## What the task asks:
From the records below, state how many lines hold the string "forall", without any other text.

## Provided data:
lemma modular_vf_complete_lift_det:
  fixes U :: "(real^'n::finite) set"
  assumes U: "open U" and w: "poisson_on U w" and g: "riemannian_metric_on U g"
    and F: "smooth_on {p. xpart p \<in> U} F" and x: "xpart p \<in> U"
  shows "modular_vf (complete_lift w) (\<lambda>p. det (g (xpart p))) F p
    = vf_apply (\<lambda>q. 2 *\<^sub>R vertical_lift (modular_field w (\<lambda>x. sqrt (det (g x)))) q) F p"
proof -
  have TU: "open {p :: real^('n + 'n). xpart p \<in> U}" and p: "p \<in> {p. xpart p \<in> U}"
    using open_preimage_xpart[OF U] x by auto
  note skew = poisson_on_skew[OF w x] and partial_skew = poisson_on_partial_skew[OF U w x]
    and w_diff = poisson_on_differentiable[OF U w x] and det_g = riemannian_metric_det[OF U g x]
  have "modular_vf (complete_lift w) (\<lambda>p. det (g (xpart p))) F p
      = vf_apply (modular_field (complete_lift w) (\<lambda>p. det (g (xpart p)))) F p"
    using det_g(1)
    by (intro modular_vf_eq_vf_apply[OF TU p complete_lift_skew[OF partial_skew]
        complete_lift_differentiable[OF w_diff] differentiable_comp_xpart[OF det_g(2)] _
        smooth_on_differentiable(1)[OF TU F] smooth_on_differentiable(2)[OF TU F p]]) simp_all
  also have "\<dots> = vf_apply (\<lambda>q. 2 *\<^sub>R vertical_lift (modular_field w (\<lambda>x. sqrt (det (g x)))) q) F p"
    by (intro vf_apply_cong modular_field_complete_lift[OF skew partial_skew w_diff det_g(2,1)])
  finally show ?thesis .
qed

theorem proposition1p7:
  fixes U :: "(real^'n::finite) set"
    and w :: "real^'n \<Rightarrow> real^'n^'n"
    and g :: "real^'n \<Rightarrow> real^'n^'n"
  assumes "open U"
    and "poisson_on U w"
    and "riemannian_metric_on U g"
  defines "TU \<equiv> {p :: real^('n + 'n). xpart p \<in> U}"
    and "dVg \<equiv> (\<lambda>x. sqrt (det (g x)))"
    and "Phi \<equiv> (\<lambda>p. det (g (xpart p)))"
    and "DeltaM \<equiv> (\<lambda>x. \<chi> i. \<Sum>k\<in>UNIV. partial k (\<lambda>z. w z $ i $ k) x
                     + w x $ i $ k * partial k (\<lambda>z. ln (sqrt (det (g z)))) x)"
  shows "(\<forall>f x. smooth_on U f \<and> x \<in> U \<longrightarrow> modular_vf w dVg f x = vf_apply DeltaM f x)
       \<and> (\<forall>F p. smooth_on TU F \<and> p \<in> TU \<longrightarrow>
            modular_vf (complete_lift w) Phi F p = vf_apply (\<lambda>q. 2 *\<^sub>R vertical_lift DeltaM q) F p)"
proof -
  have DeltaM: "DeltaM x = modular_field w dVg x" if "x \<in> U" for x
    unfolding DeltaM_def dVg_def
    using modular_field_sqrt_density[OF riemannian_metric_det(2,1)[OF assms(1,3) that]] by simp
  show ?thesis
  proof (intro conjI allI impI)
    fix f x assume "smooth_on U f \<and> x \<in> U"
    then have "modular_vf w dVg f x = vf_apply (modular_field w dVg) f x" and "x \<in> U"
      unfolding dVg_def using modular_vf_sqrt_det[OF assms(1-3)] by auto
    then show "modular_vf w dVg f x = vf_apply DeltaM f x"
      by (simp add: vf_apply_def DeltaM)
  next
    fix F p assume "smooth_on TU F \<and> p \<in> TU"
    then have "smooth_on TU F" "xpart p \<in> U"
      by (auto simp: TU_def)
    then show "modular_vf (complete_lift w) Phi F p = vf_apply (\<lambda>q. 2 *\<^sub>R vertical_lift DeltaM q) F p"
      unfolding Phi_def TU_def using modular_vf_complete_lift_det[OF assms(1-3)]
      by (simp add: vf_apply_def vertical_lift_def DeltaM dVg_def)
  qed
qed

end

## Answer to this task:
2